** Opening RECORDS block **
(* Let $n\ge1$, $t_1<\dots<t_n$, $p_0,\dots,p_n>0$, $p=\sum_{j=0}^n p_j\chi_{I_j}$ with $I_0=(-\infty,t_1]$, $I_j=(t_j,t_{j+1}]$ ($1\le j\le n-1$), $I_n=(t_n,\infty)$, and $q_k=p_k^{-1/2}$. Let $\Phi^\pm$ be the functions defined in the context. Then $\Phi^+$ and $\Phi^-$ are uniformly bounded on $(0,\infty)\times\mathbb{R}$, i.e. $\sup_{\lambda>0,\,x\in\mathbb{R}}\big(|\Phi^+(\lambda,x)|+|\Phi^-(\lambda,x)|\big)<\infty$.
   Context: For $z\in\mathbb{C}\setminus(-\infty,0]$, $\sqrt z$ is the principal square root. For $1\le k\le n$ let $$L_k(z)=\frac12\begin{bmatrix}\left(1+\frac{q_k}{q_{k-1}}\right)e^{it_k(q_{k-1}-q_k)\sqrt z} & \left(1-\frac{q_k}{q_{k-1}}\right)e^{-it_k(q_{k-1}+q_k)\sqrt z}\\ \left(1-\frac{q_k}{q_{k-1}}\right)e^{it_k(q_{k-1}+q_k)\sqrt z} & \left(1+\frac{q_k}{q_{k-1}}\right)e^{-it_k(q_{k-1}-q_k)\sqrt z}\end{bmatrix},\qquad R_k(z)=L_k(z)^{-1}.$$ Define $a_n^+=1$, $b_n^+=0$, $(a_l^+,b_l^+)^T=R_{l+1}(z)(a_{l+1}^+,b_{l+1}^+)^T$ for $l=n-1,\dots,0$; and $a_0^-=0$, $b_0^-=1$, $(a_j^-,b_j^-)^T=L_j(z)(a_{j-1}^-,b_{j-1}^-)^T$ for $j=1,\dots,n$ (the connection coefficients). Set $\Phi^\pm(z,x)=a_k^\pm(z)e^{iq_k\sqrt z x}+b_k^\pm(z)e^{-iq_k\sqrt z x}$ for $x\in I_k$, $0\le k\le n$. These are solutions of $-(pf')'=zf$ with $f,pf'$ locally absolutely continuous. *)

theory Defs
  imports "HOL-Analysis.Analysis"
begin

text \<open>Coefficients of the piecewise constant p are p 0, ..., p n; jump points t 1 < ... < t n.\<close>

definition qc :: "(nat \<Rightarrow> real) \<Rightarrow> nat \<Rightarrow> real" where
  "qc p k = p k powr (-1/2)"

definition Iv :: "nat \<Rightarrow> (nat \<Rightarrow> real) \<Rightarrow> nat \<Rightarrow> real set" where
  "Iv n t k = (if k = 0 then {..t 1} else if k = n then {t n<..} else {t k<..t (Suc k)})"

definition Lmat :: "(nat \<Rightarrow> real) \<Rightarrow> (nat \<Rightarrow> real) \<Rightarrow> nat \<Rightarrow> complex \<Rightarrow> complex^2^2" where
  "Lmat t p k z =
    (let a = complex_of_real (qc p (k - 1)); b = complex_of_real (qc p k);
         s = csqrt z; tk = complex_of_real (t k) in
     vector [
       vector [(1/2) * (1 + b/a) * exp (\<i> * tk * (a - b) * s),
               (1/2) * (1 - b/a) * exp (- \<i> * tk * (a + b) * s)],
       vector [(1/2) * (1 - b/a) * exp (\<i> * tk * (a + b) * s),
               (1/2) * (1 + b/a) * exp (- \<i> * tk * (a - b) * s)]])"

definition Rmat :: "(nat \<Rightarrow> real) \<Rightarrow> (nat \<Rightarrow> real) \<Rightarrow> nat \<Rightarrow> complex \<Rightarrow> complex^2^2" where
  "Rmat t p k z = matrix_inv (Lmat t p k z)"

text \<open>cplus_aux n t p z m = (a_{n-m}^+, b_{n-m}^+).\<close>
fun cplus_aux :: "nat \<Rightarrow> (nat \<Rightarrow> real) \<Rightarrow> (nat \<Rightarrow> real) \<Rightarrow> complex \<Rightarrow> nat \<Rightarrow> complex^2" where
  "cplus_aux n t p z 0 = vector [1, 0]"
| "cplus_aux n t p z (Suc m) = Rmat t p (n - m) z *v cplus_aux n t p z m"

definition cplus :: "nat \<Rightarrow> (nat \<Rightarrow> real) \<Rightarrow> (nat \<Rightarrow> real) \<Rightarrow> complex \<Rightarrow> nat \<Rightarrow> complex^2" where
  "cplus n t p z l = cplus_aux n t p z (n - l)"

fun cminus :: "(nat \<Rightarrow> real) \<Rightarrow> (nat \<Rightarrow> real) \<Rightarrow> complex \<Rightarrow> nat \<Rightarrow> complex^2" where
  "cminus t p z 0 = vector [0, 1]"
| "cminus t p z (Suc j) = Lmat t p (Suc j) z *v cminus t p z j"

definition Phi_of :: "nat \<Rightarrow> (nat \<Rightarrow> real) \<Rightarrow> (nat \<Rightarrow> real) \<Rightarrow> (nat \<Rightarrow> complex^2) \<Rightarrow> complex \<Rightarrow> real \<Rightarrow> complex" where
  "Phi_of n t p c z x =
     (\<Sum>k\<le>n. if x \<in> Iv n t k then
        (c k $ 1) * exp (\<i> * complex_of_real (qc p k) * csqrt z * complex_of_real x)
      + (c k $ 2) * exp (- \<i> * complex_of_real (qc p k) * csqrt z * complex_of_real x)
      else 0)"

definition Phi_plus :: "nat \<Rightarrow> (nat \<Rightarrow> real) \<Rightarrow> (nat \<Rightarrow> real) \<Rightarrow> complex \<Rightarrow> real \<Rightarrow> complex" where
  "Phi_plus n t p z x = Phi_of n t p (\<lambda>k. cplus n t p z k) z x"

definition Phi_minus :: "nat \<Rightarrow> (nat \<Rightarrow> real) \<Rightarrow> (nat \<Rightarrow> real) \<Rightarrow> complex \<Rightarrow> real \<Rightarrow> complex" where
  "Phi_minus n t p z x = Phi_of n t p (\<lambda>k. cminus t p z k) z x"

end

theory Submission
  imports Defs
begin

text \<open>For \<open>\<lambda> > 0\<close> the square root \<open>\<surd>\<lambda>\<close> is real, so every exponential in \<open>L\<^sub>k\<close> and in \<open>\<Phi>\<^sup>\<plusminus>\<close>
  has modulus one. Writing \<open>r = q\<^sub>k / q\<^sub>k\<^sub>-\<^sub>1\<close>, the matrix \<open>L\<^sub>k\<close> has the shape
  \<open>[[c e\<^sub>1, d e\<^sub>2], [d / e\<^sub>2, c / e\<^sub>1]]\<close> with \<open>c = (1 + r)/2\<close>, \<open>d = (1 - r)/2\<close> and unimodular
  \<open>e\<^sub>1, e\<^sub>2\<close>; its determinant is \<open>c\<^sup>2 - d\<^sup>2 = r > 0\<close>, independent of \<open>\<lambda>\<close>. Hence the entries of
  \<open>L\<^sub>k\<close> and \<open>R\<^sub>k = L\<^sub>k\<^sup>-\<^sup>1\<close> are bounded uniformly in \<open>\<lambda>\<close>, so are the connection coefficients,
  which are products of at most \<open>n\<close> of them, and so are \<open>\<Phi>\<^sup>\<plusminus>\<close>.\<close>

definition phase_mat :: "complex \<Rightarrow> complex \<Rightarrow> complex \<Rightarrow> complex \<Rightarrow> complex^2^2" where
  "phase_mat c d e1 e2 = vector [vector [c * e1, d * e2], vector [d / e2, c / e1]]"

lemma matrix_inv_eq:
  fixes A :: "'a::semiring_1^'n^'m"
  assumes "A ** B = mat 1" "B ** A = mat 1"
  shows "matrix_inv A = B"
proof -
  have inv: "matrix_inv A ** A = mat 1"
    unfolding matrix_inv_def by (rule someI2[of _ B]) (use assms in auto)
  have "matrix_inv A = matrix_inv A ** (A ** B)"
    by (simp add: assms)
  also have "\<dots> = B"
    by (simp add: inv matrix_mul_assoc)
  finally show ?thesis .
qed

lemma matrix_inv_phase_mat:
  assumes "e1 \<noteq> 0" "e2 \<noteq> 0" "c\<^sup>2 \<noteq> d\<^sup>2"
  shows "matrix_inv (phase_mat c d e1 e2) = (\<chi> i j. phase_mat c (- d) (1 / e1) e2 $ i $ j / (c\<^sup>2 - d\<^sup>2))"
proof (rule matrix_inv_eq)
  have det: "c\<^sup>2 - d\<^sup>2 \<noteq> 0"
    using assms(3) by simp
  show "phase_mat c d e1 e2 ** (\<chi> i j. phase_mat c (- d) (1 / e1) e2 $ i $ j / (c\<^sup>2 - d\<^sup>2)) = mat 1"
    using assms det
    by (simp add: vec_eq_iff forall_2 matrix_matrix_mult_def sum_2 mat_def phase_mat_def)
       (simp add: divide_simps, algebra)
  show "(\<chi> i j. phase_mat c (- d) (1 / e1) e2 $ i $ j / (c\<^sup>2 - d\<^sup>2)) ** phase_mat c d e1 e2 = mat 1"
    using assms det
    by (simp add: vec_eq_iff forall_2 matrix_matrix_mult_def sum_2 mat_def phase_mat_def)
       (simp add: divide_simps, algebra)
qed

lemma norm_phase_mat_entry:
  assumes "norm c \<le> B" "norm d \<le> B" "norm e1 = 1" "norm e2 = 1"
  shows "norm (phase_mat c d e1 e2 $ i $ j) \<le> B"
  using assms exhaust_2[of i] exhaust_2[of j]
  by (auto simp: phase_mat_def norm_mult norm_divide)

lemma norm_matrix_inv_phase_mat_entry:
  assumes "norm c \<le> B" "norm d \<le> B" "norm e1 = 1" "norm e2 = 1" "c\<^sup>2 \<noteq> d\<^sup>2"
  shows "norm (matrix_inv (phase_mat c d e1 e2) $ i $ j) \<le> B / norm (c\<^sup>2 - d\<^sup>2)"
proof -
  have "e1 \<noteq> 0" "e2 \<noteq> 0"
    using assms(3,4) by auto
  moreover have "norm (phase_mat c (- d) (1 / e1) e2 $ i $ j) \<le> B"
    using assms(1-4) by (intro norm_phase_mat_entry) (auto simp: norm_divide)
  ultimately show ?thesis
    using assms(5) by (simp add: matrix_inv_phase_mat norm_divide divide_right_mono)
qed

lemma Lmat_of_real_eq_phase_mat:
  fixes t p :: "nat \<Rightarrow> real" and k :: nat
  assumes "lam \<ge> 0"
  defines "a \<equiv> qc p (k - 1)" and "b \<equiv> qc p k"
  shows "Lmat t p k (of_real lam) =
    phase_mat (of_real ((1 + b / a) / 2)) (of_real ((1 - b / a) / 2))
      (cis (t k * (a - b) * sqrt lam)) (cis (- (t k * (a + b) * sqrt lam)))"
proof -
  define s where "s = complex_of_real (sqrt lam)"
  have "csqrt (of_real lam) = s"
    unfolding s_def using assms(1) by (rule csqrt_of_real)
  moreover have "exp (\<i> * of_real (t k) * (of_real a - of_real b) * s) = cis (t k * (a - b) * sqrt lam)"
    "exp (- \<i> * of_real (t k) * (of_real a + of_real b) * s) = cis (- (t k * (a + b) * sqrt lam))"
    "exp (\<i> * of_real (t k) * (of_real a + of_real b) * s) = 1 / cis (- (t k * (a + b) * sqrt lam))"
    "exp (- \<i> * of_real (t k) * (of_real a - of_real b) * s) = 1 / cis (t k * (a - b) * sqrt lam)"
    unfolding s_def by (simp_all add: cis_conv_exp exp_minus[symmetric] algebra_simps flip: inverse_eq_divide)
  ultimately show ?thesis
    unfolding Lmat_def Let_def phase_mat_def a_def[symmetric] b_def[symmetric]
    by simp
qed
** Closing RECORDS block **
Restate exactly, and only, every line from the one that contains "and k :: nat" through the last line of the records.

• **ANSWER SPACE**:
  fixes t p :: "nat \<Rightarrow> real" and k :: nat
  assumes "lam \<ge> 0"
  defines "a \<equiv> qc p (k - 1)" and "b \<equiv> qc p k"
  shows "Lmat t p k (of_real lam) =
    phase_mat (of_real ((1 + b / a) / 2)) (of_real ((1 - b / a) / 2))
      (cis (t k * (a - b) * sqrt lam)) (cis (- (t k * (a + b) * sqrt lam)))"
proof -
  define s where "s = complex_of_real (sqrt lam)"
  have "csqrt (of_real lam) = s"
    unfolding s_def using assms(1) by (rule csqrt_of_real)
  moreover have "exp (\<i> * of_real (t k) * (of_real a - of_real b) * s) = cis (t k * (a - b) * sqrt lam)"
    "exp (- \<i> * of_real (t k) * (of_real a + of_real b) * s) = cis (- (t k * (a + b) * sqrt lam))"
    "exp (\<i> * of_real (t k) * (of_real a + of_real b) * s) = 1 / cis (- (t k * (a + b) * sqrt lam))"
    "exp (- \<i> * of_real (t k) * (of_real a - of_real b) * s) = 1 / cis (t k * (a - b) * sqrt lam)"
    unfolding s_def by (simp_all add: cis_conv_exp exp_minus[symmetric] algebra_simps flip: inverse_eq_divide)
  ultimately show ?thesis
    unfolding Lmat_def Let_def phase_mat_def a_def[symmetric] b_def[symmetric]
    by simp
qed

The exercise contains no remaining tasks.